Part 2b: Content Summary Construction
After you obtained one document sample for each category node under which you classified a given database, you will build a "topic content summary" associated with each such sample. The topic content summary will contain a list of all the words that appear in the associated document sample, and their document frequency in the sample (i.e., the number of documents in the sample that contain each word). Your program should output each topic content summary to a text file, containing all the words in the sample -in dictionary order- together with their respective document frequencies. (Note that you do not have to implement the absolute-frequency computation strategy that we briefly discussed in class, but rather just compute the document frequency of a word simply as the number of documents in the sample that contain that word.)
For example, if the site diabetes.org was classified under category "Health" then your program should output two files: Root-diabetes.org.txt, with the topic content summary sample-Root-diabetes.org, and Health-diabetes.org.txt, with the topic content summary sample-Health-diabetes.org. The sample-Root-diabetes.org content summary is based on all the documents retrieved by "Root"-level queries plus all the documents retrieved by "Health"-level queries (see Part 2a), because "Health" is a subcategory of "Root." In contrast, the sample-Health-diabetes.org content summary is based only on all the documents retrieved by "Health"-level queries.
To extract the text of a page, you can use the command "lynx --dump", available on the CS machines. Any part of the text after the "References" line should be ignored. Also any text within brackets "[....]" should be ignored. Any character not in the English alphabet should be treated as a word separator, and the words are case-insensitive. Alternatively, you can directly use or adapt our Java script, available here. This script converts an HTML document to lowercase, treats any character not in the English alphabet as a word separator, and then returns the set of words that appear in the document.
Note: You do not have to output content summaries for level 2 categories (i.e., for leaf categories), as there are no additional queries performed at this level.
The README file will determine part of your grade for the project.
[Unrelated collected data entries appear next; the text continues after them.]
lemma L_carrier_induct [consumes 1, case_names zero add tensor der]:
  assumes X: "X \<in> L" and zero: "Q L_zero"
    and add: "\<And>X Y. X \<in> L \<Longrightarrow> Y \<in> L \<Longrightarrow> Q X \<Longrightarrow> Q Y \<Longrightarrow> Q (L_add X Y)"
    and tensor: "\<And>s f. f \<in> On n p \<Longrightarrow> Q (tens s f)"
    and der: "\<And>d. d \<in> D \<Longrightarrow> Q (der_elem d)"
  shows "Q X"
proof -
  obtain F e where X_eq: "X = (F, e)" and F: "F \<in> SO n p" and e: "e \<in> D"
    using X by (auto simp: L_carrier_def)
  define part :: "_ \<Rightarrow> ('k, 's) Lelem"
    where "part A = ((\<lambda>\<alpha>. if \<alpha> \<in> A then F \<alpha> else 0), der_zero)" for A
  have part: "part A \<in> L \<and> Q (part A)" if "finite A" "A \<subseteq> Mon n p" for A
    using that
  proof (induction A rule: finite_induct)
    case empty
    have "part {} = L_zero"
      by (simp add: part_def der_elem_def)
    then show ?case
      using zero L_zero_L by simp
  next
    case (insert a A)
    have a: "monom_basis a \<in> On n p"
      using insert monom_basis_On by blast
    have "part (insert a A) = L_add (part A) (tens (F a) (monom_basis a))"
      using insert(2)
      by (auto simp: part_def L_add_def tensor_elem_def monom_basis_def der_add_def der_zero_def
          On_add_def On_zero_def)
    then show ?case
      using insert.IH insert.prems tensor_elem_L[OF a] tensor[OF a] by (auto intro: L_add_L add)
  qed
  have "part (Mon n p) = (F, der_zero)"
    using F by (auto simp: part_def SO_def)
  with part[OF finite_Mon order_refl] have "(F, der_zero) \<in> L" "Q (F, der_zero)"
    by auto
  moreover have "X = L_add (F, der_zero) (der_elem e)"
    by (simp add: X_eq L_add_def der_elem_def der_add_def der_zero_def On_add_def On_zero_def)
  ultimately show ?thesis
    using der_elem_L[OF e] der[OF e] add by simp
qed

text \<open>Otherwise the maximal ideal of \<open>O\<^sub>n\<close> would be a proper nonzero \<open>D\<close>-invariant ideal.\<close>
lemma D_acts_nontrivially: "\<exists>d\<in>D. \<exists>g\<in>On n p. d g \<noteq> On_zero"
proof (rule ccontr)
  assume "\<not> ?thesis"
  then have trivial: "d g = On_zero" if "d \<in> D" "g \<in> On n p" for d g
    using that by blast
  define x1 where "x1 = (\<lambda>i::nat. if i = 0 then 1 else (0::nat))"
  have "x1 \<in> Mon n p"
    using n_ge_1 p_gt_1 by (auto simp: Mon_def x1_def)
  moreover have "x1 \<noteq> zero_exponent"
    by (auto simp: x1_def zero_exponent_def fun_eq_iff)
  ultimately have x1_On: "monom_basis x1 \<in> On n p" and x1_at_zero: "monom_basis x1 zero_exponent = (0::'k)"
    using monom_basis_On by (auto simp: monom_basis_def)
  have x1_nonzero: "monom_basis x1 \<noteq> (On_zero :: _ \<Rightarrow> 'k)"
    by (auto simp: monom_basis_def On_zero_def fun_eq_iff)
  define m where "m = {f \<in> On n p. f zero_exponent = (0::'k)}"
  have "On_ideal n p m"
    unfolding On_ideal_def
  proof (intro conjI ballI)
    show "On_mult n p f g \<in> m" if "f \<in> On n p" "g \<in> m" for f g
    proof -
      have "On_mult n p f g zero_exponent = f zero_exponent * g zero_exponent"
        using zero_exponent_Mon[OF p_pos] by (simp add: On_mult_def mon_pairs_zero_exponent[OF p_pos])
      then show ?thesis
        using that by (simp add: m_def On_mult_On)
    qed
  qed (auto simp: m_def On_zero_On On_add_On, auto simp: On_zero_def On_add_def)
  moreover have "\<forall>d\<in>D. \<forall>f\<in>m. d f \<in> m"
    using trivial On_zero_On unfolding m_def by (auto simp: On_zero_def)
  ultimately have "m = {On_zero} \<or> m = On n p"
    using D_simple by (simp add: On_D_simple_def)
  moreover have "monom_basis x1 \<in> m"
    using x1_On x1_at_zero by (simp add: m_def)
  moreover have "On_one \<notin> m"
    by (simp add: m_def monom_basis_def)
  ultimately show False
    using On_one_mem x1_nonzero by blast
qed

lemma On_ideal_containing_derivatives:
  assumes J: "On_ideal n p J" and der: "\<And>d g. d \<in> D \<Longrightarrow> g \<in> On n p \<Longrightarrow> d g \<in> J"
  shows "J = On n p"
proof -
  have "\<forall>d\<in>D. \<forall>f\<in>J. d f \<in> J"
    using J der by (auto simp: On_ideal_def)
  then have "J = {On_zero} \<or> J = On n p"
    using J D_simple by (simp add: On_D_simple_def)
  moreover obtain d g where "d \<in> D" "g \<in> On n p" "d g \<noteq> On_zero"
    using D_acts_nontrivially by blast
  ultimately show ?thesis
    using der by blast
qed

end

section \<open>Commutative cocycles on \<open>(S \<otimes> O\<^sub>n) \<oplus> D\<close>\<close>

locale current_cocycle = current_algebra sm br n p D
  for sm :: "'k::field \<Rightarrow> 's::ab_group_add \<Rightarrow> 's" and br n p D +
  fixes \<phi> :: "('k, 's) Lelem \<Rightarrow> ('k, 's) Lelem \<Rightarrow> 'k"
  assumes cocycle: "\<phi> \<in> Z2comm (L_carrier n p D) L_add (L_scale sm) (L_br n p sm br)"
begin

lemma phi_outside: "X \<notin> L \<or> Y \<notin> L \<Longrightarrow> \<phi> X Y = 0"
  using cocycle unfolding Z2comm_def by blast

lemma phi_sym: "\<phi> X Y = \<phi> Y X"
proof (cases "X \<in> L \<and> Y \<in> L")
  case True
  with cocycle show ?thesis
    unfolding Z2comm_def by blast
qed (auto simp: phi_outside)

lemma phi_add: assumes "X \<in> L" "Y \<in> L" shows "\<phi> (L_add X Y) Z = \<phi> X Z + \<phi> Y Z"
proof (cases "Z \<in> L")
  case True
  with cocycle assms show ?thesis
    unfolding Z2comm_def by blast
qed (simp add: phi_outside)

lemma phi_scale: assumes "X \<in> L" shows "\<phi> (L_scale sm c X) Z = c * \<phi> X Z"
proof (cases "Z \<in> L")
  case True
  with cocycle assms show ?thesis
    unfolding Z2comm_def by blast
qed (simp add: phi_outside)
The rest of the grade will be determined by the accuracy of your implementation of both parts of the project. We will test your project for the test databases above as well as for other (undisclosed) databases.
We have created a reference implementation for this project. To
run the reference implementation from a directory where you
have write permission, do:
/home/gravano/6111/Html/Proj2/bin/run.sh <BING_ACCOUNT_KEY> <t_es> <t_ec> <host>
The reference implementation will return the classification of the <host> Web site and will create the required content summaries. The output files will be created in the directory from which you run the reference implementation. Each line in a content summary has the following format:
Your program does not have to output the <number of matches> field.
Also, note that our reference implementation includes multiple-word entries, corresponding to multiple-word query probes. The line for a multiple-word query in a database content summary has zero as the frequency in the document sample (it is tricky to define "frequency" for multiple words that should not necessarily be considered as a phrase), followed by the number of matches for the query in the database. For example, a content summary line eating protein#0.0#1.0 corresponds to query probe [eating protein] and indicates that this query had exactly one match in the database in question. For your implementation, you have a choice: (a) you can include such multiple-word entries, just as we do in our reference implementation; alternatively, (b) you can decide not to include such multiple-word information in the content summaries. Either choice is fine, but you should specify your choice in your README file.